+++ Supplied entries +++

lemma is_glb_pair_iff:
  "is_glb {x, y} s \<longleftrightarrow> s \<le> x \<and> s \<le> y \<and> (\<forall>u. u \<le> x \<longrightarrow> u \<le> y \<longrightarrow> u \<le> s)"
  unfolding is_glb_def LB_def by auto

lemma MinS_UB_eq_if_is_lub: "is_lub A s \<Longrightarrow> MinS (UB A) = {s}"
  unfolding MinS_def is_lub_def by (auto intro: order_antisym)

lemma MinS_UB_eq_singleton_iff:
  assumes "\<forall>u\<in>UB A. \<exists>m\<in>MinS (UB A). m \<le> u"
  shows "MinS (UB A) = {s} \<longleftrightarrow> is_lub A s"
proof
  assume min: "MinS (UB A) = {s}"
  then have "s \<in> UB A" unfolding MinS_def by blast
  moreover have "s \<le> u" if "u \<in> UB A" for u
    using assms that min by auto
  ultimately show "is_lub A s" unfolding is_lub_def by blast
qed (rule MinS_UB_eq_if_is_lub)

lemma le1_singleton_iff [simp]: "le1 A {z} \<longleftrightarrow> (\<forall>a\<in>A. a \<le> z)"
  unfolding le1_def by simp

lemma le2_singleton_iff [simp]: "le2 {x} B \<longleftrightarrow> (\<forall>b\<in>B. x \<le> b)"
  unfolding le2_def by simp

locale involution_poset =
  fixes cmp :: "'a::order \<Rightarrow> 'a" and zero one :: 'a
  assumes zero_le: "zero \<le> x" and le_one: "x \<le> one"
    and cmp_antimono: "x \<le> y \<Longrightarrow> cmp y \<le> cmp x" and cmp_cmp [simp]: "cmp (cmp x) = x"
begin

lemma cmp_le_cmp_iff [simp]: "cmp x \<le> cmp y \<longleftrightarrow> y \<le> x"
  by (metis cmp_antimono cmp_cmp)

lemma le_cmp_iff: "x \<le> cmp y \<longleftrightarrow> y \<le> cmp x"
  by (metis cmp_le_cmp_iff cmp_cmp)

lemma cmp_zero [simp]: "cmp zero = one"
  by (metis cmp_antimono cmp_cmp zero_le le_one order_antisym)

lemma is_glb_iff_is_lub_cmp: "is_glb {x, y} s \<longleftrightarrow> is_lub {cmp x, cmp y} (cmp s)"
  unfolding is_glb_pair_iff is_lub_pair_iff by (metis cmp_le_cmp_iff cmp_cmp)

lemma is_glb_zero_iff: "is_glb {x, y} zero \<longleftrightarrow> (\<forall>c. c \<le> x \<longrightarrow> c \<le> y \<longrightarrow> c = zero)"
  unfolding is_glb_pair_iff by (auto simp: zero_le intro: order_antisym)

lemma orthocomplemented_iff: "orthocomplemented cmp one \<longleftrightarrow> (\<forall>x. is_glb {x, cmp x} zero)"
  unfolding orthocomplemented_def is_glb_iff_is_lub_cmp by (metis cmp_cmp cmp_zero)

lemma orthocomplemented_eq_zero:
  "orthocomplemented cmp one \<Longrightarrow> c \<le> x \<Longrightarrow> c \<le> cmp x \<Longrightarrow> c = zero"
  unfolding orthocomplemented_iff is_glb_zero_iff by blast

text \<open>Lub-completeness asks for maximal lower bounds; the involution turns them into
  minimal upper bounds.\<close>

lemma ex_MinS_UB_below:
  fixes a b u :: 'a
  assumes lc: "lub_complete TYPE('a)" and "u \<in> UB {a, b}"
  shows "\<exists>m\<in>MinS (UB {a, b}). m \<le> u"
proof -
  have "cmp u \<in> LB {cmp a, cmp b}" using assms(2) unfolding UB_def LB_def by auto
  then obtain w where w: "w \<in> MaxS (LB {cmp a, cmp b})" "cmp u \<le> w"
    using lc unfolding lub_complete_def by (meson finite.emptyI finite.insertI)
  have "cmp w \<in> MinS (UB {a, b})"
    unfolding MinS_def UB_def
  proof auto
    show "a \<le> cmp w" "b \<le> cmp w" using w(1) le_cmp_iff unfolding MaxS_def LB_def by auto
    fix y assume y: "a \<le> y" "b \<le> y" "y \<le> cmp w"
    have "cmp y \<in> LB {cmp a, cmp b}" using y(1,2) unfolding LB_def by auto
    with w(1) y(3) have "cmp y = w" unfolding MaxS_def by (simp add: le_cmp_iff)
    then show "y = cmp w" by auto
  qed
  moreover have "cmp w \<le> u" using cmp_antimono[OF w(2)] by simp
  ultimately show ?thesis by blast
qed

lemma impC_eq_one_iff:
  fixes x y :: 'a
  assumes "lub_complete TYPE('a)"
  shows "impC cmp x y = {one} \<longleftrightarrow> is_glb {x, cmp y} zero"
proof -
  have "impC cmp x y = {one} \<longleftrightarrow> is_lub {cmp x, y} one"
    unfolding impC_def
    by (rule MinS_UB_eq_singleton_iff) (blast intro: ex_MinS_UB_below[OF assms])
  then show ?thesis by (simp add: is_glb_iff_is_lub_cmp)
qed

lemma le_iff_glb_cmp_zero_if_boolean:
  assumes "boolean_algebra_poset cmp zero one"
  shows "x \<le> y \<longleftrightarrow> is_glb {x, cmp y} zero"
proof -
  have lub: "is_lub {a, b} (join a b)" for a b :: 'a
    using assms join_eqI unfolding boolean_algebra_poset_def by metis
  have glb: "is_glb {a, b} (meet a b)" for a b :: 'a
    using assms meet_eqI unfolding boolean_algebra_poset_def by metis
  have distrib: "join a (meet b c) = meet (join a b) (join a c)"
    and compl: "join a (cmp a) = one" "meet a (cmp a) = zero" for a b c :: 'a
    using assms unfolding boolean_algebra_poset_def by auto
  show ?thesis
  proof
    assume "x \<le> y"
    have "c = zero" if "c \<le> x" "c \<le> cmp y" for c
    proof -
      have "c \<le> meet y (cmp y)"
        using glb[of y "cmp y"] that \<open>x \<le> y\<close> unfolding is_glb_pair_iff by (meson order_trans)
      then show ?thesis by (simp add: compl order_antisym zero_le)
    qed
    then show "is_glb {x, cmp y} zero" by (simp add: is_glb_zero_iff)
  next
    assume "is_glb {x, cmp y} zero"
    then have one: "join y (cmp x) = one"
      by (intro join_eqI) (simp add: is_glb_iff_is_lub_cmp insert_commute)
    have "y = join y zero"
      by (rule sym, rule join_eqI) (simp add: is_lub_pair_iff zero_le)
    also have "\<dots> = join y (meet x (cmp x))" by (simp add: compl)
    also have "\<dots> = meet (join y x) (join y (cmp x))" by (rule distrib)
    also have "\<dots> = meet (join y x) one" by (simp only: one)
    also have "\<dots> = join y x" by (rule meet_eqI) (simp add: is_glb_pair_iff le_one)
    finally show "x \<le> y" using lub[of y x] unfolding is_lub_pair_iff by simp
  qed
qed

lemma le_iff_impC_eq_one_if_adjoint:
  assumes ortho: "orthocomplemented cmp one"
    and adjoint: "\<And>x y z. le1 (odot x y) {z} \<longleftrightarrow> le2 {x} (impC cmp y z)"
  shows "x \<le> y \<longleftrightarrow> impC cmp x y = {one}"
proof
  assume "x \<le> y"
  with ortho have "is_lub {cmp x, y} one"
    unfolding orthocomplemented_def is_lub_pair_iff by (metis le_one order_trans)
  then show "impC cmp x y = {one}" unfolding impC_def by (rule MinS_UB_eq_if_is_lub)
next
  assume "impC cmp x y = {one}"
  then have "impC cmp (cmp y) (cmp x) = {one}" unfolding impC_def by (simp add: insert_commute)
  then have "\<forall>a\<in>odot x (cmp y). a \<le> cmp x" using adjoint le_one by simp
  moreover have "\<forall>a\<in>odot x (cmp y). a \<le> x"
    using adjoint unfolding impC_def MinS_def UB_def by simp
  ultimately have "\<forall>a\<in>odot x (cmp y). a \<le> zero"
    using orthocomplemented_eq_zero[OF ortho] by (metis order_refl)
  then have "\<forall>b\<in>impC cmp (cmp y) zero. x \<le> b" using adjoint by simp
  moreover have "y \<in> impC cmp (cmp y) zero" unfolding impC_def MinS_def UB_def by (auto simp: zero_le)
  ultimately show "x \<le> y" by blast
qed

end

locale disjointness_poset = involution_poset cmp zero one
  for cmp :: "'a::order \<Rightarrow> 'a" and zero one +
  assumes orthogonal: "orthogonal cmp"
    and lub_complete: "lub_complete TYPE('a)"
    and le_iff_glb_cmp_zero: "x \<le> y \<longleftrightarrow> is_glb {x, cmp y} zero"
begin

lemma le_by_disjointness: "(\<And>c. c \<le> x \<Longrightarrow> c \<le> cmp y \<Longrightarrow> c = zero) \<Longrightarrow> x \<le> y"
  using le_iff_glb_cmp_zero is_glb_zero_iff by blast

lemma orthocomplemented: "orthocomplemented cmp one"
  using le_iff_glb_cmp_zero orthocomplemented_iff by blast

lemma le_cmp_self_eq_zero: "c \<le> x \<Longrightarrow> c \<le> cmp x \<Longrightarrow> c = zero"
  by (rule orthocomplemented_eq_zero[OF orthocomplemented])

+++
+++ Supplied entries +++

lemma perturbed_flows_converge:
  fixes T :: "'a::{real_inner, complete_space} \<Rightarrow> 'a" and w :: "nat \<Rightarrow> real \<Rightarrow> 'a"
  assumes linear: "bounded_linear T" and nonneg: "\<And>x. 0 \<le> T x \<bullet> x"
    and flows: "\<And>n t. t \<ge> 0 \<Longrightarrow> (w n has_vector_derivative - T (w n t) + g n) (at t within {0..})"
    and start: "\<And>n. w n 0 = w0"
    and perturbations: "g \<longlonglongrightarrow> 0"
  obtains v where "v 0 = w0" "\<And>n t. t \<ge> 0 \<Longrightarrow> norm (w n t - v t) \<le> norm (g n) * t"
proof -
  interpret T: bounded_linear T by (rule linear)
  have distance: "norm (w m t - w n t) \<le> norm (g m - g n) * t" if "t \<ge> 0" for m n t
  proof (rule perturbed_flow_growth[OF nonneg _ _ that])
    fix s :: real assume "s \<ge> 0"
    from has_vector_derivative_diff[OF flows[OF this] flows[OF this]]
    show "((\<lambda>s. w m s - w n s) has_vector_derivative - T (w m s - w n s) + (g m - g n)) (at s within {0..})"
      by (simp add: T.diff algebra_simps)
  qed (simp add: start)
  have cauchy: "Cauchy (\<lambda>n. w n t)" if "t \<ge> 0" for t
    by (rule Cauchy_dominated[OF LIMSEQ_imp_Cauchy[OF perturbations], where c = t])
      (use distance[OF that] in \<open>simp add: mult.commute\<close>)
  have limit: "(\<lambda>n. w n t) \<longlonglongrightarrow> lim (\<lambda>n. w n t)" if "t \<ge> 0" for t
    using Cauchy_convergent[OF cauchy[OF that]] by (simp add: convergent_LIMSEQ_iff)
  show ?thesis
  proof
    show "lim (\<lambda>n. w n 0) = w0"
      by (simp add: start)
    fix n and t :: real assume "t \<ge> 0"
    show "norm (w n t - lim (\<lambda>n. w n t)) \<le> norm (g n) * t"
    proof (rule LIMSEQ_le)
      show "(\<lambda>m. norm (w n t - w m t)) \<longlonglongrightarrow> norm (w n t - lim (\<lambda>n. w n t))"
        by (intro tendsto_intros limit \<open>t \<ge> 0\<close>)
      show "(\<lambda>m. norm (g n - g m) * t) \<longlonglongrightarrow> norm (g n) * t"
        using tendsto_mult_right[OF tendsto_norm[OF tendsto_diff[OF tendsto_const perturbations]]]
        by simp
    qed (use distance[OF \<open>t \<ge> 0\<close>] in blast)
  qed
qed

+++
+++ Supplied entries +++

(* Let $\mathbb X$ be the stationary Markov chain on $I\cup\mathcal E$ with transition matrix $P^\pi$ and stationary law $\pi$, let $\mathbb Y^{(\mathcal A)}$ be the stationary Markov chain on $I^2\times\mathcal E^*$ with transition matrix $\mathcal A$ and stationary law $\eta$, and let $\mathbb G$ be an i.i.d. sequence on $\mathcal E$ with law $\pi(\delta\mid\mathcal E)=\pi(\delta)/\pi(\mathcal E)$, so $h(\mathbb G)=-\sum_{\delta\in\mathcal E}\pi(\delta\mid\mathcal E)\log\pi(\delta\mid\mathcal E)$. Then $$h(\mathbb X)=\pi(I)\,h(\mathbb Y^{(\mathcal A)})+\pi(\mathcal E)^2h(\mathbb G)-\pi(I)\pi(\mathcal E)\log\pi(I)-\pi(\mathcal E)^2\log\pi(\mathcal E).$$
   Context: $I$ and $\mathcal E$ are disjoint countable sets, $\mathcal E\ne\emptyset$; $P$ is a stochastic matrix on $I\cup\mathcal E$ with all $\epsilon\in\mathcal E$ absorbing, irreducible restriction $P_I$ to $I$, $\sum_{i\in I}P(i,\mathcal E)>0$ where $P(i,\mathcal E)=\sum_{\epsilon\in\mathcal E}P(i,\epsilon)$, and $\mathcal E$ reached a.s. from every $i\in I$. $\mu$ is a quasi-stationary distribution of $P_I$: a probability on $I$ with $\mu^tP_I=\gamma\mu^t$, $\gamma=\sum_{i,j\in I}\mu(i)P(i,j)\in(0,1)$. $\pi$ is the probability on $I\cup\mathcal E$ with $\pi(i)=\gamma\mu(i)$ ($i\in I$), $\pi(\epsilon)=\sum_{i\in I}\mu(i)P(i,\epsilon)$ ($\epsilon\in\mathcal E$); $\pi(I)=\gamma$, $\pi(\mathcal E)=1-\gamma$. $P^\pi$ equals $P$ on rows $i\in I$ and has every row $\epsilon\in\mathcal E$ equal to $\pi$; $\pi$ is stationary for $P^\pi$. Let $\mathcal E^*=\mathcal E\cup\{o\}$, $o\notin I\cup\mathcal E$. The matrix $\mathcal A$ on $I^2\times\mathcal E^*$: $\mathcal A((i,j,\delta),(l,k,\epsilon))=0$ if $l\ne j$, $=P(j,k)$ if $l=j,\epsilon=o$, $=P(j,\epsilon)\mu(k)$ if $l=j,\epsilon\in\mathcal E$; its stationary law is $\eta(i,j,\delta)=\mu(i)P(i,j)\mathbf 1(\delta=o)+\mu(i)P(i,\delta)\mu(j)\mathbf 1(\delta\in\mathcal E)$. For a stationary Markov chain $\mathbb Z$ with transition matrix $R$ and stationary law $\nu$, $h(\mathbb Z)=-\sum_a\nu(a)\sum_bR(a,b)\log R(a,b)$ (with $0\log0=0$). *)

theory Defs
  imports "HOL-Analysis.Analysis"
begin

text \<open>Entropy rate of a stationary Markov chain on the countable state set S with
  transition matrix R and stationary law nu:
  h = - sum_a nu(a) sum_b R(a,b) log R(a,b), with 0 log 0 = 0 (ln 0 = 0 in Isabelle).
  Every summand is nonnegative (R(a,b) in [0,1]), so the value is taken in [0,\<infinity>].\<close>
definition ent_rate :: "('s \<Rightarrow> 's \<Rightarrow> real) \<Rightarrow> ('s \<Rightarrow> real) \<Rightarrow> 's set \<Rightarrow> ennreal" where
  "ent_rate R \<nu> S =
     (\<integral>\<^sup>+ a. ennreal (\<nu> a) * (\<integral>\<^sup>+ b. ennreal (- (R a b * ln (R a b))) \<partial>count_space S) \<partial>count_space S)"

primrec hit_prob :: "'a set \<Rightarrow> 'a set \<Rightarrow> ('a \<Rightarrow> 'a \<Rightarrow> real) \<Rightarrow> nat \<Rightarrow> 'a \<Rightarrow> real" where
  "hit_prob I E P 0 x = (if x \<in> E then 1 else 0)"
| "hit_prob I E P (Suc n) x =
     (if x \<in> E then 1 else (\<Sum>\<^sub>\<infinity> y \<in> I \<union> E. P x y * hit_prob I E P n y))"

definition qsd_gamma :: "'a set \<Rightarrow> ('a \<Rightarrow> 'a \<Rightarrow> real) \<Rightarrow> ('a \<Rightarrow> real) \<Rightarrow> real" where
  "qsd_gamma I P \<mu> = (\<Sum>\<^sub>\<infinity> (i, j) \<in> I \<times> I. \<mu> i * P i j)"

+++

● What to do:
Write out every line of the entries that holds the word "exists".

● Solution below:
  assumes "\<forall>u\<in>UB A. \<exists>m\<in>MinS (UB A). m \<le> u"
  shows "\<exists>m\<in>MinS (UB {a, b}). m \<le> u"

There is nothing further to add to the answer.